As we know, small business loans have traditionally been the most difficult to acquire. Banks have always considered small businesses extremely high risk. In the past, up to 80% of small businesses have failed in their first five years of operation. Consequently, established banks prefer the safe investment of large business. Small businesses, however, account for our most rapidly growing employment sector.
A 1995 industry committee report encouraged all banks to reach the one-third ratio for lending to small businesses.
Congratulations to Montreal, Royal and the National Bank of Canada. They are willing to do the paperwork and the in depth investigation required to safely invest in exciting new small businesses all over the country.
Statements By Members
Maurice Godin Châteauguay, QC
Mr. Speaker, I wish to rise today to inform this House of the creation of a new line designated 1-976-CATASTROPHE.
With the support of impartial and non-partisan organizations such as the Quebec Committee of Canada, this new parapsychic counselling service is designed for people who want further information on delirium anti-separatum, the equivalent in Canadian political circles of the mad cow disease in Great Britain.
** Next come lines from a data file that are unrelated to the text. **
(* Let $(\mathcal{B}_1,\mathcal{B}_0)$ be a Rota-Baxter operator on a crossed module of Lie groups $(H,G,t,\Phi)$. Let $G\ltimes_\Phi H$ be the semi-direct product Lie group $G\times H$ with product $(a,p)\cdot_\Phi(b,q)=(ab,\ p\,\Phi(a)q)$. Define $\mathcal{B}:G\ltimes_\Phi H\to G\ltimes_\Phi H$ by $$\mathcal{B}(a,p)=\Big(\mathcal{B}_0(a),\ \Phi(\mathcal{B}_0(a))\,\mathcal{B}_1\big(\Phi(\mathcal{B}_0(a)^{-1}a^{-1})p\big)\Big),\qquad a\in G,\ p\in H.$$ Then $\mathcal{B}$ is a Rota-Baxter operator on the Lie group $(G\ltimes_\Phi H,\cdot_\Phi)$.
   Context: A crossed module of Lie groups is a quadruple $(H,G,t,\Phi)$ where $H,G$ are Lie groups, $t:H\to G$ is a Lie group homomorphism and $\Phi:G\to\mathrm{Aut}(H)$ is a smooth action of $G$ on $H$ by automorphisms such that $\Phi(t(p))q=pqp^{-1}$ and $t(\Phi(a)p)=a\,t(p)\,a^{-1}$ for all $p,q\in H$, $a\in G$. A Rota-Baxter operator on a Lie group $G$ is a smooth map $\mathcal{B}:G\to G$ with $\mathcal{B}(a)\mathcal{B}(b)=\mathcal{B}(a\mathcal{B}(a)b\mathcal{B}(a)^{-1})$ for all $a,b\in G$. A Rota-Baxter operator on a crossed module of Lie groups $(H,G,t,\Phi)$ is a pair $(\mathcal{B}_1,\mathcal{B}_0)$ of smooth maps $\mathcal{B}_1:H\to H$, $\mathcal{B}_0:G\to G$ such that (i) $\mathcal{B}_1,\mathcal{B}_0$ are Rota-Baxter operators on $H$, $G$; (ii) $t\circ\mathcal{B}_1=\mathcal{B}_0\circ t$; (iii) $\Phi(\mathcal{B}_0(a))\mathcal{B}_1(p)=\mathcal{B}_1\big(\Phi(a\mathcal{B}_0(a))(p\mathcal{B}_1(p))\cdot\Phi(\mathcal{B}_0(a))\mathcal{B}_1(p)^{-1}\big)$ for all $a\in G,p\in H$. *)

theory Defs
  imports "HOL-Algebra.Group"
begin

text \<open>Algebraic rendering: Lie groups are modelled as (HOL-Algebra) groups;
smoothness is not expressible.\<close>

definition crossed_module ::
  "('h, 'm) monoid_scheme \<Rightarrow> ('g, 'n) monoid_scheme \<Rightarrow> ('h \<Rightarrow> 'g) \<Rightarrow> ('g \<Rightarrow> 'h \<Rightarrow> 'h) \<Rightarrow> bool" where
  "crossed_module H G t \<Phi> \<longleftrightarrow>
     group H \<and> group G \<and> t \<in> hom H G \<and>
     (\<forall>a\<in>carrier G. \<Phi> a \<in> iso H H) \<and>
     (\<forall>a\<in>carrier G. \<forall>b\<in>carrier G. \<forall>p\<in>carrier H. \<Phi> (a \<otimes>\<^bsub>G\<^esub> b) p = \<Phi> a (\<Phi> b p)) \<and>
     (\<forall>p\<in>carrier H. \<Phi> \<one>\<^bsub>G\<^esub> p = p) \<and>
     (\<forall>p\<in>carrier H. \<forall>q\<in>carrier H. \<Phi> (t p) q = p \<otimes>\<^bsub>H\<^esub> q \<otimes>\<^bsub>H\<^esub> inv\<^bsub>H\<^esub> p) \<and>
     (\<forall>a\<in>carrier G. \<forall>p\<in>carrier H. t (\<Phi> a p) = a \<otimes>\<^bsub>G\<^esub> t p \<otimes>\<^bsub>G\<^esub> inv\<^bsub>G\<^esub> a)"

definition rota_baxter :: "('g, 'n) monoid_scheme \<Rightarrow> ('g \<Rightarrow> 'g) \<Rightarrow> bool" where
  "rota_baxter G B \<longleftrightarrow>
     B \<in> carrier G \<rightarrow> carrier G \<and>
     (\<forall>a\<in>carrier G. \<forall>b\<in>carrier G.
        B a \<otimes>\<^bsub>G\<^esub> B b = B (a \<otimes>\<^bsub>G\<^esub> B a \<otimes>\<^bsub>G\<^esub> b \<otimes>\<^bsub>G\<^esub> inv\<^bsub>G\<^esub> (B a)))"

definition rota_baxter_crossed_module ::
  "('h, 'm) monoid_scheme \<Rightarrow> ('g, 'n) monoid_scheme \<Rightarrow> ('h \<Rightarrow> 'g) \<Rightarrow> ('g \<Rightarrow> 'h \<Rightarrow> 'h)
     \<Rightarrow> ('h \<Rightarrow> 'h) \<Rightarrow> ('g \<Rightarrow> 'g) \<Rightarrow> bool" where
  "rota_baxter_crossed_module H G t \<Phi> B1 B0 \<longleftrightarrow>
     rota_baxter H B1 \<and> rota_baxter G B0 \<and>
     (\<forall>p\<in>carrier H. t (B1 p) = B0 (t p)) \<and>
     (\<forall>a\<in>carrier G. \<forall>p\<in>carrier H.
        \<Phi> (B0 a) (B1 p) =
        B1 (\<Phi> (a \<otimes>\<^bsub>G\<^esub> B0 a) (p \<otimes>\<^bsub>H\<^esub> B1 p) \<otimes>\<^bsub>H\<^esub> inv\<^bsub>H\<^esub> (\<Phi> (B0 a) (B1 p))))"

definition semidirect ::
  "('g, 'n) monoid_scheme \<Rightarrow> ('h, 'm) monoid_scheme \<Rightarrow> ('g \<Rightarrow> 'h \<Rightarrow> 'h) \<Rightarrow> ('g \<times> 'h) monoid" where
  "semidirect G H \<Phi> =
     \<lparr>carrier = carrier G \<times> carrier H,
      mult = (\<lambda>x y. (fst x \<otimes>\<^bsub>G\<^esub> fst y, snd x \<otimes>\<^bsub>H\<^esub> \<Phi> (fst x) (snd y))),
      one = (\<one>\<^bsub>G\<^esub>, \<one>\<^bsub>H\<^esub>)\<rparr>"

definition semidirect_rb ::
  "('g, 'n) monoid_scheme \<Rightarrow> ('h, 'm) monoid_scheme \<Rightarrow> ('g \<Rightarrow> 'h \<Rightarrow> 'h)
     \<Rightarrow> ('h \<Rightarrow> 'h) \<Rightarrow> ('g \<Rightarrow> 'g) \<Rightarrow> 'g \<times> 'h \<Rightarrow> 'g \<times> 'h" where
  "semidirect_rb G H \<Phi> B1 B0 x =
     (B0 (fst x),
      \<Phi> (B0 (fst x)) (B1 (\<Phi> (inv\<^bsub>G\<^esub> (B0 (fst x)) \<otimes>\<^bsub>G\<^esub> inv\<^bsub>G\<^esub> (fst x)) (snd x))))"

end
Featured this week are the predictions of our funky astrologists Michel Demers and Marcel Côté, who state that the rest of Canada is so bent on suicide and is so undemocratic that it wants to force Quebec to declare its sovereignty unilaterally, whereas everyone knows that common sense will lead to a mutually beneficial partnership agreement.
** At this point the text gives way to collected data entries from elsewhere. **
lemma row_limit_positive_distribution:
  assumes P: "P \<in> carrier_mat n n" and "0 < n" "primitive_mat P" "left_stochastic P"
    and lim: "\<And>i k. i < n \<Longrightarrow> k < n \<Longrightarrow> (\<lambda>t. (P ^\<^sub>m t) $$ (i,k)) \<longlonglongrightarrow> \<pi> i"
  shows "(\<Sum>j<n. \<pi> j) = 1" and "\<And>i. i < n \<Longrightarrow> 0 < \<pi> i"
proof -
  have nonneg: "nonneg_mat (P ^\<^sub>m t)" for t
    using nonneg_mat_pow[OF P] assms by (simp add: primitive_mat_def)
  obtain m0 where pos: "\<And>j k. j < n \<Longrightarrow> k < n \<Longrightarrow> 0 < (P ^\<^sub>m m0) $$ (j,k)"
    using P \<open>primitive_mat P\<close> unfolding primitive_mat_def by auto
  have \<pi>_nonneg: "0 \<le> \<pi> j" if "j < n" for j
    using lim[OF that \<open>0 < n\<close>] nonneg P that \<open>0 < n\<close> by (intro LIMSEQ_le_const) (auto simp: nonneg_mat_def)
  have "(\<lambda>t. \<Sum>j<n. (P ^\<^sub>m t) $$ (j,0)) \<longlonglongrightarrow> (\<Sum>j<n. \<pi> j)"
    by (rule tendsto_sum) (use lim \<open>0 < n\<close> in auto)
  moreover have "(\<Sum>j<n. (P ^\<^sub>m t) $$ (j,0)) = 1" for t
    using left_stochastic_pow[OF P \<open>left_stochastic P\<close>, of t] P \<open>0 < n\<close> by (simp add: left_stochastic_def)
  ultimately show \<pi>_sum: "(\<Sum>j<n. \<pi> j) = 1" by (simp add: LIMSEQ_const_iff)
  obtain j0 where j0: "j0 < n" "0 < \<pi> j0"
  proof -
    have "\<not> (\<forall>j<n. \<pi> j \<le> 0)"
    proof
      assume "\<forall>j<n. \<pi> j \<le> 0"
      then have "(\<Sum>j<n. \<pi> j) \<le> 0" by (intro sum_nonpos) auto
      then show False using \<pi>_sum by simp
    qed
    then show ?thesis using that by (auto simp: not_le)
  qed
  show "0 < \<pi> i" if "i < n" for i
  proof -
    have "0 < (P ^\<^sub>m m0) $$ (i,j0) * \<pi> j0" using pos[OF that j0(1)] j0(2) by simp
    also have "\<dots> \<le> (\<Sum>j<n. (P ^\<^sub>m m0) $$ (i,j) * \<pi> j)"
      using j0 nonneg P that \<pi>_nonneg
      by (intro member_le_sum[of j0 "{..<n}" "\<lambda>j. (P ^\<^sub>m m0) $$ (i,j) * \<pi> j"]) (auto simp: nonneg_mat_def)
    finally show ?thesis using row_limit_fixed[OF P \<open>0 < n\<close> lim that, of m0] by simp
  qed
qed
Next week on the 1-976-CATASTROPHE line, you will learn that after a yes for the sovereignty of Quebec, federalists will prevent the earth from turning and the sun from shining on Quebec.
Canadian Bushplane Heritage Centre
Statements By Members
Carmen Provenzano Sault Ste. Marie, ON
Mr. Speaker, I rise to pay tribute to a world class heritage facility in my riding of Sault Ste. Marie. The Canadian Bushplane Heritage Centre, located along the picturesque St. Mary's River, is a one of a kind museum that preserves this country's colourful bush-piloting tradition.
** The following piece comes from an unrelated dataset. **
(* Let $(G,c)$ be a tensor network template. Let $d_{\min}=\min_{e\in E}c_e$, and let $k$ be the minimum cardinality of an edge cut set of $G$. Then $\mathrm{QMF}(G,c)\ge d_{\min}^{\,k}$.
   Context: A tensor network template $(G,c)$ consists of a finite undirected graph $G$ with edge set $E$ whose vertex set is partitioned as $S\sqcup T\sqcup V$. Every element of $S$ (inputs) and every element of $T$ (outputs) is an open end of degree $1$; the elements of $V$ are called vertices. For $u\in S\sqcup T$, $e(u)$ denotes the edge incident to $u$. A capacity function $c:E\to\mathbb{Z}_{>0}$ is given, and to each edge $e$ one associates $\mathbb{C}^{c_e}$ with a fixed basis. At each vertex $v$ of degree $d_v$ an ordering $e(v,1),\dots,e(v,d_v)$ of the incident edge-ends is fixed. A tensor assignment $\mathcal T=(\mathcal T_v)_{v\in V}$ chooses $\mathcal T_v\in\bigotimes_{i=1}^{d_v}\mathbb{C}^{c_{e(v,i)}}$ for each $v$. Let $V_S=\bigotimes_{u\in S}\mathbb{C}^{c_{e(u)}}$ and $V_T=\bigotimes_{u\in T}\mathbb{C}^{c_{e(u)}}$. Contracting the network along all edges gives $\beta(G,c;\mathcal T)\in\mathrm{Hom}(V_S,V_T)$, whose matrix entries are $\langle I_T|\beta|I_S\rangle=\sum_W\prod_{v\in V}(\mathcal T_v)_{W|_v}$. Here $W$ ranges over all assignments of basis indices to all edges that agree with $I_S$ on the input edges and with $I_T$ on the output edges, and $W|_v$ is the tuple of indices on $e(v,1),\dots,e(v,d_v)$. The quantum max-flow is $\mathrm{QMF}(G,c)=\max_{\mathcal T}\operatorname{rank}\beta(G,c;\mathcal T)$. An edge cut set is a set $C\subseteq E$ for which there is a partition $S\sqcup T\sqcup V=\bar S\sqcup\bar T$ with $S\subseteq\bar S$, $T\subseteq\bar T$, and $C$ equal to the set of edges having one endpoint in $\bar S$ and the other in $\bar T$. *)

theory Defs
  imports Complex_Main "HOL-Library.Function_Algebras"
begin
The centre's most recent project is restoring three antique bushplanes in an effort to recreate the golden age of bush piloting.
Under the capable direction of President Ken Lajambe, a dedicated team of staff and volunteers operates the museum to the delight of thousands of visitors each year. In fact, one well known newspaper columnist has named it the best museum in Canada.
I invite all members and those watching these proceedings to make Sault Ste. Marie and the Canadian Bushplane Heritage Centre a must stop on their next trip to northern Ontario.